Une génération et son
moment
Toute tentative permettant de reconstituer la matrice dans laquelle se sont formées ces équipes ne peut que conduire, dans un premier temps en tout cas, à explorer à la fois leurs lieux de formation et d’apprentissage, et le « bain » culturel dans lequel elles ont été immergées. Elle impliquerait donc de s’interroger sur les écoles que leurs membres ont fréquentées, sur les agences dans lesquelles ils ou elles ont travaillé et sur les œuvres et les villes auxquelles ils ou elles ont été exposé·e·s. Mais il ne s’agirait là que d’une généalogie trop courte, qui ne suffirait pas à saisir les idéaux et les méthodes de conception d’un groupe dont la cohérence est toute relative et qui ne constitue, il convient de ne pas l’oublier, qu’une fraction d’un univers professionnel et culturel plus ample, dans lequel d’autres groupes d’âges et d’autres types d’agence coexistent.
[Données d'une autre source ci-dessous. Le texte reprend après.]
(* Let $F=\{f_i\}_{i=1}^N$ be a uniform tight frame for an $n$-dimensional Hilbert space $\mathcal{H}_n$ and let $p>1$. Then the canonical dual $S_F^{-1}F=\{S_F^{-1}f_i\}_{i=1}^N$ is a $1$-erasure spectrally optimal dual of $F$, i.e. $S_F^{-1}F\in\zeta_{\mathfrak{R}}^{(1),p}(F)$.
   Context: A uniform tight frame is a frame with $\sum_i|\langle f,f_i\rangle|^2=A\|f\|^2$ for all $f$ (some $A>0$) and all $\|f_i\|$ equal; $S_F$ is the frame operator $S_Ff=\sum_i\langle f,f_i\rangle f_i$. $G=\{g_i\}$ is a dual of $F$ if $f=\sum_i\langle f,f_i\rangle g_i$ for all $f$. For a dual $G$, $\mathrm{AE}_{\mathfrak{R}}^{(1),p}(F,G)=\{\frac1N\sum_{i=1}^N|\langle f_i,g_i\rangle|^p\}^{1/p}$ (the $\ell^p$-average of the spectral radii of the one-erasure error operators $f\mapsto\langle f,f_i\rangle g_i$), and $\zeta_{\mathfrak{R}}^{(1),p}(F)$ is the set of duals minimizing it over all duals of $F$. *)

theory Defs
  imports "HOL-Analysis.Analysis"
begin

text \<open>The n-dimensional complex Hilbert space H_n is modelled as complex^'n
  (index type 'n finite, n = CARD('n)) with its standard inner product,
  linear in the first argument.\<close>

definition cinner :: "complex ^ 'n \<Rightarrow> complex ^ 'n \<Rightarrow> complex" where
  "cinner x y = (\<Sum>k\<in>UNIV. x $ k * cnj (y $ k))"

definition hnorm :: "complex ^ 'n \<Rightarrow> real" where
  "hnorm x = sqrt (Re (cinner x x))"

text \<open>A finite sequence F = {f_i}, i < N (0-based indexing).\<close>

definition frame_op :: "nat \<Rightarrow> (nat \<Rightarrow> complex ^ 'n) \<Rightarrow> complex ^ 'n \<Rightarrow> complex ^ 'n" where
  "frame_op N F f = (\<Sum>i<N. cinner f (F i) *s F i)"

definition tight_frame :: "nat \<Rightarrow> (nat \<Rightarrow> complex ^ 'n) \<Rightarrow> bool" where
  "tight_frame N F \<longleftrightarrow> (\<exists>A>0. \<forall>f. (\<Sum>i<N. (cmod (cinner f (F i)))\<^sup>2) = A * (hnorm f)\<^sup>2)"

definition uniform_tight_frame :: "nat \<Rightarrow> (nat \<Rightarrow> complex ^ 'n) \<Rightarrow> bool" where
  "uniform_tight_frame N F \<longleftrightarrow> tight_frame N F \<and> (\<forall>i<N. \<forall>j<N. hnorm (F i) = hnorm (F j))"

definition is_dual :: "nat \<Rightarrow> (nat \<Rightarrow> complex ^ 'n) \<Rightarrow> (nat \<Rightarrow> complex ^ 'n) \<Rightarrow> bool" where
  "is_dual N F G \<longleftrightarrow> (\<forall>f. f = (\<Sum>i<N. cinner f (F i) *s G i))"

text \<open>l^p-average of the spectral radii |<f_i,g_i>| of the one-erasure error operators.\<close>

definition AE_R1 :: "real \<Rightarrow> nat \<Rightarrow> (nat \<Rightarrow> complex ^ 'n) \<Rightarrow> (nat \<Rightarrow> complex ^ 'n) \<Rightarrow> real" where
  "AE_R1 p N F G = ((1 / real N) * (\<Sum>i<N. cmod (cinner (F i) (G i)) powr p)) powr (1 / p)"

definition zeta_R1 :: "real \<Rightarrow> nat \<Rightarrow> (nat \<Rightarrow> complex ^ 'n) \<Rightarrow> (nat \<Rightarrow> complex ^ 'n) set" where
  "zeta_R1 p N F = {G. is_dual N F G \<and> (\<forall>G'. is_dual N F G' \<longrightarrow> AE_R1 p N F G \<le> AE_R1 p N F G')}"

definition canonical_dual :: "nat \<Rightarrow> (nat \<Rightarrow> complex ^ 'n) \<Rightarrow> nat \<Rightarrow> complex ^ 'n" where
  "canonical_dual N F i = inv (frame_op N F) (F i)"

end

theory Submission
  imports Defs
begin

text \<open>A tight frame has frame operator \<open>S\<^sub>F = A \<cdot> I\<close> (by polarization, since
  \<open>\<langle>S\<^sub>F f, f\<rangle> = A \<parallel>f\<parallel>\<^sup>2\<close>), so its canonical dual is \<open>g\<^sub>i = f\<^sub>i / A\<close>. For every dual \<open>G\<close>
  the sum \<open>\<Sum>\<^sub>i \<langle>f\<^sub>i, g\<^sub>i\<rangle>\<close> is the trace of the identity, i.e. \<open>n\<close>. Hence the
  \<open>\<ell>\<^sup>p\<close>-mean of the \<open>|\<langle>f\<^sub>i, g\<^sub>i\<rangle>|\<close> is at least their arithmetic mean, which is at
  least \<open>n / N\<close>; for a uniform frame the canonical dual has \<open>\<langle>f\<^sub>i, g\<^sub>i\<rangle> = \<parallel>f\<^sub>i\<parallel>\<^sup>2 / A\<close>
  independent of \<open>i\<close>, hence equal to \<open>n / N\<close>, and attains this bound.\<close>

lemma powr_ge_tangent:
  fixes x c p :: real
  assumes "x \<ge> 0" "c > 0" "p \<ge> 1"
  shows "c powr p + p * c powr (p - 1) * (x - c) \<le> x powr p"
proof (cases "x = 0")
  case True
  \<comment> \<open>\<open>powr_convex\<close> only covers the open half-line\<close>
  have "c powr (p - 1) * c = c powr p"
    using assms(2) by (simp add: powr_diff)
  then show ?thesis
    using True assms by (simp add: algebra_simps)
next
  case False
  have deriv: "((\<lambda>x. x powr p) has_field_derivative p * c powr (p - 1)) (at c within {0<..})"
    using assms by (auto intro!: derivative_eq_intros)
  have "p * c powr (p - 1) * (x - c) \<le> x powr p - c powr p"
    by (rule convex_on_imp_above_tangent[OF powr_convex _ _ _ deriv])
      (use assms False in \<open>auto simp: interior_open\<close>)
  then show ?thesis by simp
qed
S’il est facile en termes démographiques de
considérer ce groupe comme l’émanation d’une génération, il est moins aisé de
définir avec tant soit peu de précision ce qui constitue celle-ci en tant que
telle. Certains textes classiques des sciences sociales donnent des clés pour
saisir cette notion déterminante. Dans Le Monde
de l’esprit, le philosophe
Wilhelm Dilthey a défini la génération comme étant « un groupe d’individus
reliés en un tout autonome par le fait qu’ils dépendent des mêmes grands
événements et changements survenus durant leur période de réceptivité ». Quels
pourraient être dans cette perspective les événements ayant marqué les
architectes qui nous occupent ? La fin de la Guerre froide et l’apparition
d’un monde multipolaire ? La crise écologique et le réchauffement
planétaire ? La numérisation généralisée des activités humaines ?
Tous ces changements se composent pour façonner l’espace dans lequel ils ou elles
évoluent.
Dans son essai
classique Le Problème des générations, le sociologue Karl Mannheim a donné en 1928 des indications toujours
pertinentes, affirmant que « la contemporanéité chronologique ne suffit pas
à constituer des situations de génération analogues ». Mannheim permet de
comprendre la logique des ruptures qui scandent tant l’architecture que la
politique, en mettant l’accent sur la conflictualité : « Deux
générations qui se suivent ont chacune à combattre un autre adversaire à l’extérieur
et à l’intérieur d’elles-mêmes. Alors que les vieux combattaient encore quelque
chose en eux-mêmes ou dans le monde et que tous leurs sentiments et toute leur
volonté, mais aussi leurs conceptions se définissaient par rapport à cet
adversaire, cet adversaire est disparu pour la jeunesse. »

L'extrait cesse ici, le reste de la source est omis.